[WHAT YOU HAVE TO DO]: In the records that come next, find every line with "patched". Return those lines.

Stored data entries
text \<open>One step of loop (4) of the algorithm. A state is (list of twinless articulation
  points of G_2v still to be processed, current edge set E_2t). The head x of the list is the
  articulation point currently processed.\<close>
inductive alg_step :: "'a set \<Rightarrow> ('a \<times> 'a) set \<Rightarrow> 'a list \<times> ('a \<times> 'a) set \<Rightarrow> 'a list \<times> ('a \<times> 'a) set \<Rightarrow> bool"
  for V :: "'a set" and E :: "('a \<times> 'a) set" where
  add_edge: "\<not> twinless_strongly_connected (fst (del_vertex V F x)) (snd (del_vertex V F x))
     \<Longrightarrow> (v, w) \<in> E - F
     \<Longrightarrow> C1 \<in> tsccs (fst (del_vertex V F x)) (snd (del_vertex V F x))
     \<Longrightarrow> C2 \<in> tsccs (fst (del_vertex V F x)) (snd (del_vertex V F x))
     \<Longrightarrow> C1 \<noteq> C2 \<Longrightarrow> v \<in> C1 \<Longrightarrow> w \<in> C2
     \<Longrightarrow> alg_step V E (x # xs, F) (x # xs, insert (v, w) F)"
| next_point: "twinless_strongly_connected (fst (del_vertex V F x)) (snd (del_vertex V F x))
     \<Longrightarrow> alg_step V E (x # xs, F) (xs, F)"

end

theory Submission
  imports Defs
begin

text \<open>
  Two vertices a, b are twinless strongly connected iff they are strongly connected in some
  twin-free edge set H, i.e. one containing no pair of antiparallel edges: the edges of two
  twinless paths form such an H, and conversely simple paths inside H are twinless. Twin-free
  witnesses can be patched together inside a strong component, which shows that the relation is
  transitive and that adding an edge (v, w) between vertices that are already twinless strongly
  connected does not change it. Hence, if G - x is twinless strongly connected while the current
  graph G_2t - x is not, some edge of G - x missing from G_2t joins two different twinless
  components of G_2t - x, so loop (4) never gets stuck, and it leaves G_2t - x twinless strongly
  connected for every processed x. The remaining vertices are not twinless articulation points
  of G_2v, which is twinless strongly connected because every edge (u, w) of a 2-vertex-connected
  graph lies on a cycle avoiding (w, u); adding edges preserves both properties.
\<close>

definition twin_free :: "('a \<times> 'a) set \<Rightarrow> bool" where
  "twin_free H \<longleftrightarrow> (\<forall>x y. (x, y) \<in> H \<longrightarrow> (y, x) \<notin> H)"

lemma path_edges_simps [simp]:
  "path_edges [] = {}"
  "path_edges [x] = {}"
  "path_edges (x # y # zs) = insert (x, y) (path_edges (y # zs))"
  by (simp_all add: path_edges_def)

lemma path_edges_subset: "path_edges p \<subseteq> set p \<times> set p"
  by (induction p rule: induct_list012) auto

lemma twin_free_path_edges: "distinct p \<Longrightarrow> twin_free (path_edges p)"
  by (induction p rule: induct_list012) (auto simp: twin_free_def dest: subsetD[OF path_edges_subset])

lemma path_edges_Cons_subset: "path_edges ys \<subseteq> path_edges (x # ys)"
  by (cases ys) auto

lemma path_edges_rtrancl: "p \<noteq> [] \<Longrightarrow> (hd p, last p) \<in> (path_edges p)\<^sup>*"
proof (induction p rule: induct_list012)
  case (3 x y zs)
  have "(y, last (y # zs)) \<in> (path_edges (y # zs))\<^sup>*"
    using "3.IH"(2) by simp
  then have "(y, last (y # zs)) \<in> (path_edges (x # y # zs))\<^sup>*"
    by (rule subsetD[OF rtrancl_mono[OF path_edges_Cons_subset]])
  then show ?case by (auto intro: converse_rtrancl_into_rtrancl)
qed auto

lemma path_edges_append_subset: "path_edges ys \<subseteq> path_edges (xs @ ys)"
  by (induction xs) (auto dest: subsetD[OF path_edges_Cons_subset])

lemma rtrancl_imp_distinct_path:
  assumes "(a, b) \<in> R\<^sup>*"
  obtains p where "p \<noteq> []" "hd p = a" "last p = b" "distinct p" "path_edges p \<subseteq> R"
    "set p \<subseteq> insert a (Range R)"
  using assms
proof (induction arbitrary: thesis rule: converse_rtrancl_induct)
  case base
  show ?case by (rule base[of "[b]"]) auto
next
  case (step a a')
  obtain p where p: "p \<noteq> []" "hd p = a'" "last p = b" "distinct p" "path_edges p \<subseteq> R"
    "set p \<subseteq> insert a' (Range R)"
    using step.IH by blast
  have "a' \<in> Range R" using step.hyps(1) by blast
  show ?case
  proof (cases "a \<in> set p")
    case True
    then obtain xs ys where p_split: "p = xs @ a # ys" by (meson split_list)
    show ?thesis
      by (rule step.prems[of "a # ys"])
        (use p p_split path_edges_append_subset[of "a # ys" xs] \<open>a' \<in> Range R\<close> in auto)
  next
    case False
    have "path_edges (a # p) = insert (a, a') (path_edges p)"
      using p(1,2) by (cases p) auto
    then show ?thesis
      by (intro step.prems[of "a # p"]) (use p False step.hyps(1) \<open>a' \<in> Range R\<close> in auto)
  qed
qed

lemma is_path_iff:
  "is_path V E p a b \<longleftrightarrow>
     p \<noteq> [] \<and> hd p = a \<and> last p = b \<and> distinct p \<and> set p \<subseteq> V \<and> path_edges p \<subseteq> E"
  by (simp add: is_path_def path_edges_def)

lemma twinless_sc_iff:
  "twinless_sc V F a b \<longleftrightarrow> a \<in> V \<and> b \<in> V \<and>
     (\<exists>H \<subseteq> Restr F V. twin_free H \<and> (a, b) \<in> H\<^sup>* \<and> (b, a) \<in> H\<^sup>*)"
  (is "_ \<longleftrightarrow> ?rhs")
proof
  assume "twinless_sc V F a b"
  then obtain p q where p: "is_path V F p a b" and q: "is_path V F q b a"
    and no_twins: "\<forall>x y. (x, y) \<in> path_edges p \<longrightarrow> (y, x) \<notin> path_edges q"
    unfolding twinless_sc_def by blast
  let ?H = "path_edges p \<union> path_edges q"
  have "?H \<subseteq> Restr F V"
    using p q path_edges_subset[of p] path_edges_subset[of q] by (auto simp: is_path_iff)
  moreover have "twin_free ?H"
    using p q no_twins twin_free_path_edges[of p] twin_free_path_edges[of q]
    by (auto simp: is_path_iff twin_free_def)
  moreover have "(a, b) \<in> ?H\<^sup>*" "(b, a) \<in> ?H\<^sup>*"
    using p q path_edges_rtrancl[of p] path_edges_rtrancl[of q]
      rtrancl_mono[of "path_edges p" ?H] rtrancl_mono[of "path_edges q" ?H]
    by (auto simp: is_path_iff)
  moreover have "a \<in> V" "b \<in> V"
    using p by (auto simp: is_path_iff dest: hd_in_set last_in_set)
  ultimately show ?rhs by blast
next
  assume ?rhs
  then obtain H where ab: "a \<in> V" "b \<in> V" and H: "H \<subseteq> Restr F V" "twin_free H"
    and reach: "(a, b) \<in> H\<^sup>*" "(b, a) \<in> H\<^sup>*"
    by blast
  obtain p where p: "p \<noteq> []" "hd p = a" "last p = b" "distinct p" "path_edges p \<subseteq> H"
    "set p \<subseteq> insert a (Range H)"
    using rtrancl_imp_distinct_path[OF reach(1)] .
  obtain q where q: "q \<noteq> []" "hd q = b" "last q = a" "distinct q" "path_edges q \<subseteq> H"
    "set q \<subseteq> insert b (Range H)"
    using rtrancl_imp_distinct_path[OF reach(2)] .
  have "Range H \<subseteq> V" using H(1) by blast
  then have "is_path V F p a b" "is_path V F q b a"
    using p q ab H(1) by (auto simp: is_path_iff)
  moreover have "\<forall>x y. (x, y) \<in> path_edges p \<longrightarrow> (y, x) \<notin> path_edges q"
    using p(5) q(5) H(2) by (auto simp: twin_free_def)
  ultimately show "twinless_sc V F a b"
    unfolding twinless_sc_def by blast
qed

lemma strong_component_strongly_connected:
  fixes K :: "('a \<times> 'a) set" and v :: 'a
  defines "X \<equiv> {u. (v, u) \<in> K\<^sup>* \<and> (u, v) \<in> K\<^sup>*}"
  assumes "x \<in> X" "y \<in> X"
  shows "(x, y) \<in> (Restr K X)\<^sup>*"
proof -
  have "(v, x) \<in> K\<^sup>*" "(y, v) \<in> K\<^sup>*" using assms by (simp_all add: X_def)
  have "(x, y) \<in> K\<^sup>*" using assms by (auto simp: X_def intro: rtrancl_trans)
  then show ?thesis
    using \<open>(v, x) \<in> K\<^sup>*\<close>
  proof (induction rule: converse_rtrancl_induct)
    case (step x x')
    have "(v, x') \<in> K\<^sup>*" using step.prems step.hyps(1) by (rule rtrancl_into_rtrancl)
    moreover have "(x', v) \<in> K\<^sup>*" using step.hyps(2) \<open>(y, v) \<in> K\<^sup>*\<close> by (rule rtrancl_trans)
    ultimately have "(x, x') \<in> Restr K X"
      using step.prems step.hyps(1) by (auto simp: X_def intro: converse_rtrancl_into_rtrancl)
    then show ?case by (rule converse_rtrancl_into_rtrancl) (rule step.IH[OF \<open>(v, x') \<in> K\<^sup>*\<close>])
  qed simp
qed

text \<open>A twin in the patched set would need one edge inside X \<times> X and one outside.\<close>

lemma twin_free_patch:
  fixes K H :: "('a \<times> 'a) set" and v :: 'a
  defines "X \<equiv> {u. (v, u) \<in> K\<^sup>* \<and> (u, v) \<in> K\<^sup>*}"
  assumes "twin_free K" "twin_free H"
  shows "twin_free (Restr K X \<union> (H - X \<times> X))" and "H\<^sup>* \<subseteq> (Restr K X \<union> (H - X \<times> X))\<^sup>*"
    and "x \<in> X \<Longrightarrow> y \<in> X \<Longrightarrow> (x, y) \<in> (Restr K X \<union> (H - X \<times> X))\<^sup>*"
proof -
  show "twin_free (Restr K X \<union> (H - X \<times> X))" using assms(2,3) unfolding twin_free_def by blast
  have inside: "(x, y) \<in> (Restr K X \<union> (H - X \<times> X))\<^sup>*" if "x \<in> X" "y \<in> X" for x y
    using strong_component_strongly_connected[where K = K and v = v, folded X_def, OF that]
      rtrancl_mono[of "Restr K X" "Restr K X \<union> (H - X \<times> X)"] by blast
  then show "x \<in> X \<Longrightarrow> y \<in> X \<Longrightarrow> (x, y) \<in> (Restr K X \<union> (H - X \<times> X))\<^sup>*" .
  have "H \<subseteq> (Restr K X \<union> (H - X \<times> X))\<^sup>*" using inside by fastforce
  then show "H\<^sup>* \<subseteq> (Restr K X \<union> (H - X \<times> X))\<^sup>*" by (rule rtrancl_subset_rtrancl)
qed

[OUTPUT]:
  witnesses can be patched together inside a strong component, which shows that the relation is
text \<open>A twin in the patched set would need one edge inside X \<times> X and one outside.\<close>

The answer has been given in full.